_Listed entries_:
lemma matrix_inv_add_psd_bigo_1:
  fixes C :: "real^'n^'n" and D :: "'a \<Rightarrow> real^'n^'n"
  assumes "\<forall>x. x \<noteq> 0 \<longrightarrow> x \<bullet> (C *v x) > 0"
    and "\<forall>\<^sub>F t in F. \<forall>x. x \<bullet> (D t *v x) \<ge> 0"
  shows "\<forall>\<^sub>F t in F. invertible (C + D t)"
    and "(\<lambda>t. matrix_inv (C + D t) $ i $ j) \<in> O[F](\<lambda>_. 1)"
proof -
  obtain l where l: "l > 0" and coercive: "\<forall>x. l * norm x ^ 2 \<le> x \<bullet> (C *v x)"
    using quadratic_form_pos_imp_coercive[OF assms(1)] by blast
  have "\<forall>\<^sub>F t in F. \<forall>x. l * norm x ^ 2 \<le> x \<bullet> ((C + D t) *v x)"
    using assms(2)
    by eventually_elim
      (simp add: matrix_vector_mult_add_rdistrib inner_add_right add_increasing2 coercive)
  then show "\<forall>\<^sub>F t in F. invertible (C + D t)"
    and "(\<lambda>t. matrix_inv (C + D t) $ i $ j) \<in> O[F](\<lambda>_. 1)"
    by (auto elim!: eventually_mono intro!: bigoI[where c = "1 / l"]
        coercive_imp_invertible[OF l] coercive_matrix_inv_entry_le[OF l])
qed

lemma matrix_mult_entries_bigo:
  fixes P Q :: "'a \<Rightarrow> real^'n^'n"
  assumes "\<And>i k. (\<lambda>t. P t $ i $ k) \<in> O[F](f)"
    and "\<And>k j. (\<lambda>t. Q t $ k $ j) \<in> O[F](g)"
  shows "(\<lambda>t. (P t ** Q t) $ i $ j) \<in> O[F](\<lambda>t. f t * g t)"
  unfolding matrix_matrix_mult_def
  by (simp add: big_sum_in_bigo landau_o.big.mult assms)

lemma matrix_mult_diagonal_left:
  fixes D B :: "real^'n^'n"
  assumes "\<forall>i j. i \<noteq> j \<longrightarrow> D $ i $ j = 0"
  shows "(D ** B) $ i $ j = D $ i $ i * B $ i $ j"
proof -
  have "(\<Sum>k\<in>UNIV. D $ i $ k * B $ k $ j) = (\<Sum>k\<in>UNIV. if k = i then D $ i $ i * B $ i $ j else 0)"
    by (rule sum.cong) (use assms in auto)
  then show ?thesis
    by (simp add: matrix_matrix_mult_def)
qed

lemma matrix_mult_diagonal_right:
  fixes D B :: "real^'n^'n"
  assumes "\<forall>i j. i \<noteq> j \<longrightarrow> D $ i $ j = 0"
  shows "(B ** D) $ i $ j = B $ i $ j * D $ j $ j"
proof -
  have "(\<Sum>k\<in>UNIV. B $ i $ k * D $ k $ j) = (\<Sum>k\<in>UNIV. if k = j then B $ i $ j * D $ j $ j else 0)"
    by (rule sum.cong) (use assms in auto)
  then show ?thesis
    by (simp add: matrix_matrix_mult_def)
qed

lemma matrix_inv_sandwich:
  fixes A C :: "real^'n^'n"
  assumes "invertible A"
  shows "(A - C) ** matrix_inv A ** C = C - C ** matrix_inv A ** C"
    and "(A - C) ** matrix_inv A ** C = C ** matrix_inv A ** (A - C)"
proof -
  show *: "(A - C) ** matrix_inv A ** C = C - C ** matrix_inv A ** C"
    by (simp add: matrix_diff_rdistrib matrix_mul_matrix_inv(1)[OF assms])
  show "(A - C) ** matrix_inv A ** C = C ** matrix_inv A ** (A - C)"
    unfolding *
    by (simp add: matrix_diff_ldistrib matrix_mul_assoc[symmetric] matrix_mul_matrix_inv(2)[OF assms])
qed

lemma tau_sol_entry_weight_le:
  fixes tau mu u y :: real
  assumes "tau \<noteq> 0" and "y \<noteq> 0" and "(mu^2 - u^2) * y - u / tau = 0"
  shows "tau * (tau * (mu^2 - u^2)^2 / (mu^2 + u^2)) \<le> 1 / y^2"
proof -
  have eq: "tau * (mu^2 - u^2) = u / y"
    using assms by (simp add: field_simps)
  have "tau * (tau * (mu^2 - u^2)^2 / (mu^2 + u^2)) = (tau * (mu^2 - u^2))^2 / (mu^2 + u^2)"
    by (simp add: power2_eq_square)
  also have "\<dots> = u^2 / (mu^2 + u^2) * (1 / y^2)"
    unfolding eq by (simp add: power_divide)
  also have "\<dots> \<le> 1 * (1 / y^2)"
  proof (rule mult_right_mono)
    show "u^2 / (mu^2 + u^2) \<le> 1"
      by (cases "mu^2 + u^2 = 0") (auto simp: divide_le_eq_1 less_le)
  qed simp
  finally show ?thesis
    by simp
qed

lemma D_mat_off_diagonal: "\<forall>i j. i \<noteq> j \<longrightarrow> D_mat C w mu tau $ i $ j = 0"
  by (simp add: D_mat_def)

lemma D_mat_diagonal_nonneg: "tau \<ge> 0 \<Longrightarrow> D_mat C w mu tau $ j $ j \<ge> 0"
  by (simp add: D_mat_def)

lemma E_mat_entry:
  "E_mat C w mu tau $ i $ j = tau * (D_mat C w mu tau ** matrix_inv (C + D_mat C w mu tau) ** C) $ i $ j"
  by (simp add: E_mat_def)

lemma matrix_inv_C_plus_D_mat:
  assumes "pos_def_mat C"
  shows "\<forall>\<^sub>F tau in at_top. invertible (C + D_mat C w mu tau)"
    and "(\<lambda>tau. matrix_inv (C + D_mat C w mu tau) $ i $ j) \<in> O[at_top](\<lambda>_. 1)"
proof -
  have "\<forall>\<^sub>F tau in at_top. \<forall>x. x \<bullet> (D_mat C w mu tau *v x) \<ge> 0"
    using eventually_ge_at_top[of 0]
    by eventually_elim
      (intro allI quadratic_form_diagonal_nonneg D_mat_off_diagonal, simp add: D_mat_diagonal_nonneg)
  then show "\<forall>\<^sub>F tau in at_top. invertible (C + D_mat C w mu tau)"
    and "(\<lambda>tau. matrix_inv (C + D_mat C w mu tau) $ i $ j) \<in> O[at_top](\<lambda>_. 1)"
    using assms matrix_inv_add_psd_bigo_1 unfolding pos_def_mat_def by blast+
qed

_Your instructions_: Restate exactly each line of the data from the one bearing "using assms matrix_inv_add_psd_bigo_1" to the end, and add nothing.

_Result of this exercise_:
    using assms matrix_inv_add_psd_bigo_1 unfolding pos_def_mat_def by blast+
qed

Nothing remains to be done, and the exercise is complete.